A day before the Union Budget, the Reserve Bank of India shocked the financial world with unprecedented curbs against Paytm Payments Bank, which virtually put the bank into a coma and posed an existential threat to its listed parent, One97 Communications. In one fell swoop, the RBI action halved One97’s stock price as institutional investors, sensing the regulator’s fury, dumped the stock en masse.
The regulator did not stop with Paytm Bank. On 5th March, the central bank barred JM Financial Products from issuing loans against shares and debentures, including sanctioning and disbursing loans against Initial Public Offering shares. A day earlier, RBI asked IIFL Finance to stop sanctioning or disbursing gold loans with immediate effect, noting “supervisory concerns” in the company’s gold loan portfolio. RBI also ordered Visa Inc to immediately stop a payments service wherein cards were used to transact with merchants who weren’t allowed to accept such payments.

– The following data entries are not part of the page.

lemma level_map_eq_one_iff:
  assumes "A \<in> Gamma p r"
  shows "level_map r A = \<one>\<^bsub>sl_K (FpV p)\<^esub> \<longleftrightarrow> A \<in> Gamma p (Suc r)"
proof -
  have "level_map r A = \<one>\<^bsub>sl_K (FpV p)\<^esub> \<longleftrightarrow> mat_dvd q (level_coeff r A)"
    by (simp add: level_map_def fun_eq_iff mat_dvd_def reduce_eq_zero_iff_q)
  also have "\<dots> \<longleftrightarrow> mat_dvd (q ^ Suc r) (A - mat 1)"
  proof
    assume "mat_dvd q (level_coeff r A)"
    then obtain Z where "level_coeff r A = smult_mat q Z" by (auto simp: mat_dvd_iff_smult_mat)
    then have "A - mat 1 = smult_mat (q ^ Suc r) Z"
      using Gamma_eq_one_plus_level_coeff[OF assms] by (simp add: smult_mat_simps mult.commute)
    then show "mat_dvd (q ^ Suc r) (A - mat 1)" by (simp add: mat_dvd_smult_mat)
  next
    assume "mat_dvd (q ^ Suc r) (A - mat 1)"
    then obtain Y where "A - mat 1 = smult_mat (q ^ r) (smult_mat q Y)"
      by (auto simp: mat_dvd_iff_smult_mat smult_mat_simps mult.commute)
    then show "mat_dvd q (level_coeff r A)" by (simp add: level_coeff_eqI mat_dvd_smult_mat)
  qed
  finally show ?thesis using assms by (simp add: Gamma_iff_q)
qed

lemma comm_group_sl_FpV: "comm_group (sl_K (FpV p) :: ('n::finite \<Rightarrow> 'n \<Rightarrow> 'a set) monoid)"
  by (rule abelian_group.comm_group_sl_K[OF ring.is_abelian_group[OF cring.axioms(1)[OF cring_FpV]]])

lemma group_hom_level_map:
  assumes "r \<ge> 1"
  shows "group_hom ((SL_grp :: ('a^'n::finite^'n) monoid)\<lparr>carrier := Gamma p r\<rparr>) (sl_K (FpV p)) (level_map r)"
proof -
  have "level_map r \<in> hom ((SL_grp :: ('a^'n^'n) monoid)\<lparr>carrier := Gamma p r\<rparr>) (sl_K (FpV p))"
    unfolding hom_def using level_map_closed[OF _ assms] level_map_mult[OF _ _ assms]
    by (auto simp del: sl_K_simps)
  then show ?thesis
    using group_Gamma comm_group.axioms(2)[OF comm_group_sl_FpV]
    by (auto simp: group_hom_def group_hom_axioms_def)
qed

lemma kernel_level_map:
  "kernel ((SL_grp :: ('a^'n::finite^'n) monoid)\<lparr>carrier := Gamma p r\<rparr>) (sl_K (FpV p)) (level_map r)
     = Gamma p (Suc r)"
  using level_map_eq_one_iff Gamma_antimono[of r "Suc r" p] by (auto simp: kernel_def)

definition liftable :: "nat \<Rightarrow> 'a^'n::finite^'n \<Rightarrow> bool" where
  "liftable r N \<longleftrightarrow> (\<exists>A. det A = 1 \<and> mat_dvd (q ^ Suc r) (A - mat 1 - smult_mat (q ^ r) N))"

lemma liftableI: "det (mat 1 + smult_mat (q ^ r) N) = 1 \<Longrightarrow> liftable r N"
  unfolding liftable_def by (rule exI[of _ "mat 1 + smult_mat (q ^ r) N"]) (simp add: mat_dvd_def)

lemma liftable_zero: "liftable r 0"
  by (rule liftableI) (simp add: smult_mat_def zero_vec_def[symmetric])

lemma liftable_add:
  assumes "r \<ge> 1" "liftable r N1" "liftable r N2"
  shows "liftable r (N1 + N2)"
proof -
  let ?e = "q ^ r"
  obtain A1 where A1: "det A1 = 1" "mat_dvd (q ^ Suc r) (A1 - mat 1 - smult_mat ?e N1)"
    using assms(2) by (auto simp: liftable_def)
  obtain A2 where A2: "det A2 = 1" "mat_dvd (q ^ Suc r) (A2 - mat 1 - smult_mat ?e N2)"
    using assms(3) by (auto simp: liftable_def)
  have level_r: "mat_dvd ?e (A - mat 1)" if "mat_dvd (q ^ Suc r) (A - mat 1 - smult_mat ?e N)" for A N
  proof -
    have "mat_dvd ?e (A - mat 1 - smult_mat ?e N)"
      by (rule mat_dvd_trans[OF that le_imp_power_dvd]) simp
    then have "mat_dvd ?e (A - mat 1 - smult_mat ?e N + smult_mat ?e N)"
      by (rule mat_dvd_add[OF _ mat_dvd_smult_mat])
    then show ?thesis by simp
  qed
  have "q ^ Suc r dvd ?e * ?e"
    using assms(1) by (simp add: mult_dvd_mono dvd_power)
  then have product: "mat_dvd (q ^ Suc r) ((A1 - mat 1) ** (A2 - mat 1))"
    using mat_dvd_mult[OF level_r[OF A1(2)] level_r[OF A2(2)]] by (rule mat_dvd_trans[rotated])
  have "A1 ** A2 - mat 1 - smult_mat ?e (N1 + N2)
      = (A1 - mat 1) ** (A2 - mat 1) + (A1 - mat 1 - smult_mat ?e N1) + (A2 - mat 1 - smult_mat ?e N2)"
    by (simp add: matrix_mult_minus_one smult_mat_simps(4)[symmetric] algebra_simps)
  also have "mat_dvd (q ^ Suc r) \<dots>"
    using product A1(2) A2(2) by (intro mat_dvd_add)
  finally have "mat_dvd (q ^ Suc r) (A1 ** A2 - mat 1 - smult_mat ?e (N1 + N2))" .
  moreover have "det (A1 ** A2) = 1" using A1 A2 by (simp add: det_mul)
  ultimately show ?thesis unfolding liftable_def by blast
qed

While the Paytm Bank action has brought the severity of the regulator’s ire to the fore, the RBI, especially after the pandemic, has been taking severe actions against regulated entities, including hefty penalties, over compliance matters.
In November last year, the RBI directed Bajaj Finance to stop sanctioning and disbursing loans under its two lending products, ‘eCOM’ and ‘Insta EMI Card’, with immediate effect. In December ’20, the RBI banned HDFC Bank from issuing new credit cards, which was only lifted in March ’22.
In August ’21, a payment system operator was fined Rs 3 crore for non-compliance with KYC norms among other reasons. The regulator even cancelled the licence of a digital lender for several transgressions, including a failure to comply with the KYC norms.